Material for this exercise:

--

lemma card_arcs_from_regular:
  assumes G: "simple_graph U E" and reg: "regular U E d" and T: "T \<subseteq> U"
  shows "card {(u, w). u \<in> T \<and> E u w} = d * card T"
proof -
  have "{(u, w). u \<in> T \<and> E u w} = Sigma T (\<lambda>u. {w\<in>U. E u w})"
    using G unfolding simple_graph_def by auto
  moreover have "finite U" using G unfolding simple_graph_def by simp
  ultimately have "card {(u, w). u \<in> T \<and> E u w} = (\<Sum>u\<in>T. card {w\<in>U. E u w})"
    using T by (simp add: card_SigmaI finite_subset)
  also have "\<dots> = (\<Sum>u\<in>T. d)" using reg T unfolding regular_def by (intro sum.cong) auto
  finally show ?thesis by simp
qed

lemma profit_subdiv_original_seeds:
  assumes G: "simple_graph U E" and reg: "regular U E d" and T: "T \<subseteq> U"
    and acc: "\<forall>u\<in>U. accepting theta phi (Inl u)"
    and rej: "\<forall>e\<in>subdiv_edges E. \<not> accepting theta phi (Inr e)"
  shows "2 * profit (subdiv_verts U E) (subdiv_adj E) theta phi p q (Inl ` T) =
    2 * (p - q * real d) * real (card T) + q * real (card (inner_arcs E T))"
proof -
  let ?R = "reached (subdiv_verts U E) (subdiv_adj E) theta phi (Inl ` T)"
  have R: "?R = Inl ` T \<union> Inr ` incident_edges E T"
    by (rule reached_subdiv_original_seeds[OF rej T])
  have rej': "\<forall>e\<in>incident_edges E T. \<not> accepting theta phi (Inr e)"
    using rej by (simp add: incident_edges_def)
  have pos: "reached_pos (subdiv_verts U E) (subdiv_adj E) theta phi (Inl ` T) = Inl ` T"
    unfolding reached_pos_def R using acc T rej' by auto
  have neg: "reached_neg (subdiv_verts U E) (subdiv_adj E) theta phi (Inl ` T) =
      Inr ` incident_edges E T"
    unfolding reached_neg_def R using acc T rej' by auto
  have "2 * card (incident_edges E T) + card (inner_arcs E T) = 2 * d * card T"
    using handshake_incident_edges[OF G T] card_arcs_from_regular[OF G reg T] by simp
  then have "real (2 * card (incident_edges E T) + card (inner_arcs E T)) = real (2 * d * card T)"
    by (rule arg_cong)
  then have handshake: "2 * real (card (incident_edges E T)) =
      2 * real d * real (card T) - real (card (inner_arcs E T))"
    by (simp add: eq_diff_eq)
  have "2 * profit (subdiv_verts U E) (subdiv_adj E) theta phi p q (Inl ` T) =
      2 * p * real (card T) - q * (2 * real (card (incident_edges E T)))"
    unfolding profit_def pos neg by (simp add: card_image right_diff_distrib)
  also have "\<dots> = 2 * (p - q * real d) * real (card T) + q * real (card (inner_arcs E T))"
    unfolding handshake by (simp add: algebra_simps)
  finally show ?thesis .
qed

lemma inner_arcs_subset_offdiag:
  assumes "irreflp E"
  shows "inner_arcs E T \<subseteq> Sigma T (\<lambda>u. T - {u})"
  using assms by (auto simp: inner_arcs_def irreflp_def)

lemma card_offdiag:
  assumes "finite T"
  shows "card (Sigma T (\<lambda>u. T - {u})) = card T * (card T - 1)"
  using assms by (simp add: card_SigmaI)
lemma perturbed_gradient_step_estimate:
  fixes e g h :: "'a::real_inner"
  assumes "0 \<le> a" and "a * norm g \<le> c * t" and "(1 - \<eta>) * t\<^sup>2 \<le> e \<bullet> g"
    and "c\<^sup>2 \<le> 2 * a * (1 - \<eta>)" and "norm h \<le> n0 * t\<^sup>2" and "norm h \<le> n1"
  shows "(norm (e - a *\<^sub>R g - h))\<^sup>2
           \<le> (norm e)\<^sup>2 - (2 * a * (1 - \<eta>) - c\<^sup>2 - 2 * norm e * n0 - n1 * n0) * t\<^sup>2"
proof -
  define w where "w = e - a *\<^sub>R g"
  have w_sq: "(norm w)\<^sup>2 \<le> (norm e)\<^sup>2 - (2 * a * (1 - \<eta>) - c\<^sup>2) * t\<^sup>2"
    unfolding w_def using assms(1-3) by (rule gradient_step_estimate)
  moreover have "0 \<le> (2 * a * (1 - \<eta>) - c\<^sup>2) * t\<^sup>2"
    using assms(4) by simp
  ultimately have "(norm w)\<^sup>2 \<le> (norm e)\<^sup>2"
    by linarith
  then have "norm w \<le> norm e"
    by (rule power2_le_imp_le) simp
  then have "norm w * norm h \<le> norm e * (n0 * t\<^sup>2)"
    using assms(5) by (intro mult_mono) auto
  moreover have "norm h * norm h \<le> n1 * (n0 * t\<^sup>2)"
    using assms(5,6) order_trans[OF norm_ge_zero assms(6)] by (intro mult_mono) auto
  moreover have "norm (w - h) \<le> norm w + norm h"
    by (rule norm_triangle_ineq4)
  then have "(norm (w - h))\<^sup>2 \<le> (norm w + norm h)\<^sup>2"
    by (simp add: power_mono)
  ultimately show ?thesis
    using w_sq unfolding w_def[symmetric] by (simp add: power2_eq_square algebra_simps)
qed

lemma inner_ge_of_norm_diff_le:
  fixes p r :: "'a::real_inner"
  assumes "norm (p - r) \<le> \<eta> * norm r"
  shows "(1 - \<eta>) * (norm r)\<^sup>2 \<le> p \<bullet> r"
proof -
  have "- ((p - r) \<bullet> r) \<le> \<eta> * norm r * norm r"
    using Cauchy_Schwarz_ineq2[of "p - r" r] mult_right_mono[OF assms norm_ge_zero[of r]] by linarith
  then show ?thesis
    by (simp add: inner_diff_left power2_norm_eq_inner[symmetric] power2_eq_square algebra_simps)
qed

lemma tangential_cone_descent:
  fixes F :: "'a::euclidean_space \<Rightarrow> 'b::euclidean_space" and A :: "'a \<Rightarrow>\<^sub>L 'b"
  assumes "norm (F s - F x - A (s - x)) \<le> \<eta> * norm (F s - F x)"
  shows "(1 - \<eta>) * (norm (F x - F s))\<^sup>2 \<le> (x - s) \<bullet> adjoint A (F x - F s)"
proof -
  have "norm (A (x - s) - (F x - F s)) \<le> \<eta> * norm (F x - F s)"
    using assms by (simp add: blinfun.diff_right norm_minus_commute algebra_simps)
  then have "(1 - \<eta>) * (norm (F x - F s))\<^sup>2 \<le> A (x - s) \<bullet> (F x - F s)"
    by (rule inner_ge_of_norm_diff_le)
  then show ?thesis
    by (simp add: adjoint_works blinfun.bounded_linear_right bounded_linear.linear)
qed

lemma summable_of_decrements:
  fixes f E :: "nat \<Rightarrow> real"
  assumes "\<And>k. 0 \<le> f k" and "\<And>k. E (Suc k) + f k \<le> E k" and "\<And>k. 0 \<le> E k"
  shows "summable f"
proof (rule summableI_nonneg_bounded)
  fix n
  have "(\<Sum>i<n. f i) \<le> E 0 - E n"
  proof (induction n)
    case (Suc n)
    then show ?case using assms(2)[of n] by simp
  qed simp
  then show "(\<Sum>i<n. f i) \<le> E 0"
    using assms(3)[of n] by linarith
qed (fact assms(1))

lemma quasi_fejer_tendsto:
  fixes u :: "nat \<Rightarrow> 'a::metric_space"
  assumes step: "\<And>k. (dist (u (Suc k)) l)\<^sup>2 \<le> (dist (u k) l)\<^sup>2 + e k"
    and e_nonneg: "\<And>k. 0 \<le> e k" and e_summable: "summable e"
    and \<sigma>: "strict_mono \<sigma>" and cluster: "(u \<circ> \<sigma>) \<longlonglongrightarrow> l"
  shows "u \<longlonglongrightarrow> l"
proof -
  define a where "a k = (dist (u k) l)\<^sup>2" for k
  define b where "b k = a k - (\<Sum>i<k. e i)" for k
  have "decseq b"
    unfolding decseq_Suc_iff b_def a_def using step by (simp add: algebra_simps)
  moreover have "- suminf e \<le> b k" for k
  proof -
    have "(\<Sum>i<k. e i) \<le> suminf e"
      by (rule sum_le_suminf[OF e_summable]) (simp_all add: e_nonneg)
    then show ?thesis
      unfolding b_def a_def using zero_le_power2[of "dist (u k) l"] by linarith
  qed
  ultimately obtain \<beta> where "b \<longlonglongrightarrow> \<beta>"
    using decseq_convergent by blast
  then have "(\<lambda>k. b k + (\<Sum>i<k. e i)) \<longlonglongrightarrow> \<beta> + suminf e"
    using summable_LIMSEQ[OF e_summable] by (rule tendsto_add)
  then have a_lim: "a \<longlonglongrightarrow> \<beta> + suminf e"
    unfolding b_def by simp
  have "(\<lambda>j. dist ((u \<circ> \<sigma>) j) l) \<longlonglongrightarrow> 0"
    using cluster by (rule tendsto_dist_iff[THEN iffD1])
  then have "(\<lambda>j. (dist ((u \<circ> \<sigma>) j) l)\<^sup>2) \<longlonglongrightarrow> 0\<^sup>2"
    by (rule tendsto_power)
  then have "(a \<circ> \<sigma>) \<longlonglongrightarrow> 0"
    by (simp add: a_def comp_def)
  moreover have "(a \<circ> \<sigma>) \<longlonglongrightarrow> \<beta> + suminf e"
    using a_lim \<sigma> by (rule LIMSEQ_subseq_LIMSEQ)
  ultimately have "\<beta> + suminf e = 0"
    by (rule LIMSEQ_unique[symmetric])
  then have "a \<longlonglongrightarrow> 0"
    using a_lim by simp
  then have "(\<lambda>k. sqrt (a k)) \<longlonglongrightarrow> sqrt 0"
    by (rule tendsto_real_sqrt)
  then have "(\<lambda>k. dist (u k) l) \<longlonglongrightarrow> 0"
    by (simp add: a_def)
  then show ?thesis
    by (rule tendsto_dist_iff[THEN iffD2])
qed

--

Problem statement:
Output exactly the lines of the material above from the one containing "norm g \<le>" up to and including the one containing "(w - h))\<^sup>2".

Written solution:
  assumes "0 \<le> a" and "a * norm g \<le> c * t" and "(1 - \<eta>) * t\<^sup>2 \<le> e \<bullet> g"
    and "c\<^sup>2 \<le> 2 * a * (1 - \<eta>)" and "norm h \<le> n0 * t\<^sup>2" and "norm h \<le> n1"
  shows "(norm (e - a *\<^sub>R g - h))\<^sup>2
           \<le> (norm e)\<^sup>2 - (2 * a * (1 - \<eta>) - c\<^sup>2 - 2 * norm e * n0 - n1 * n0) * t\<^sup>2"
proof -
  define w where "w = e - a *\<^sub>R g"
  have w_sq: "(norm w)\<^sup>2 \<le> (norm e)\<^sup>2 - (2 * a * (1 - \<eta>) - c\<^sup>2) * t\<^sup>2"
    unfolding w_def using assms(1-3) by (rule gradient_step_estimate)
  moreover have "0 \<le> (2 * a * (1 - \<eta>) - c\<^sup>2) * t\<^sup>2"
    using assms(4) by simp
  ultimately have "(norm w)\<^sup>2 \<le> (norm e)\<^sup>2"
    by linarith
  then have "norm w \<le> norm e"
    by (rule power2_le_imp_le) simp
  then have "norm w * norm h \<le> norm e * (n0 * t\<^sup>2)"
    using assms(5) by (intro mult_mono) auto
  moreover have "norm h * norm h \<le> n1 * (n0 * t\<^sup>2)"
    using assms(5,6) order_trans[OF norm_ge_zero assms(6)] by (intro mult_mono) auto
  moreover have "norm (w - h) \<le> norm w + norm h"
    by (rule norm_triangle_ineq4)
  then have "(norm (w - h))\<^sup>2 \<le> (norm w + norm h)\<^sup>2"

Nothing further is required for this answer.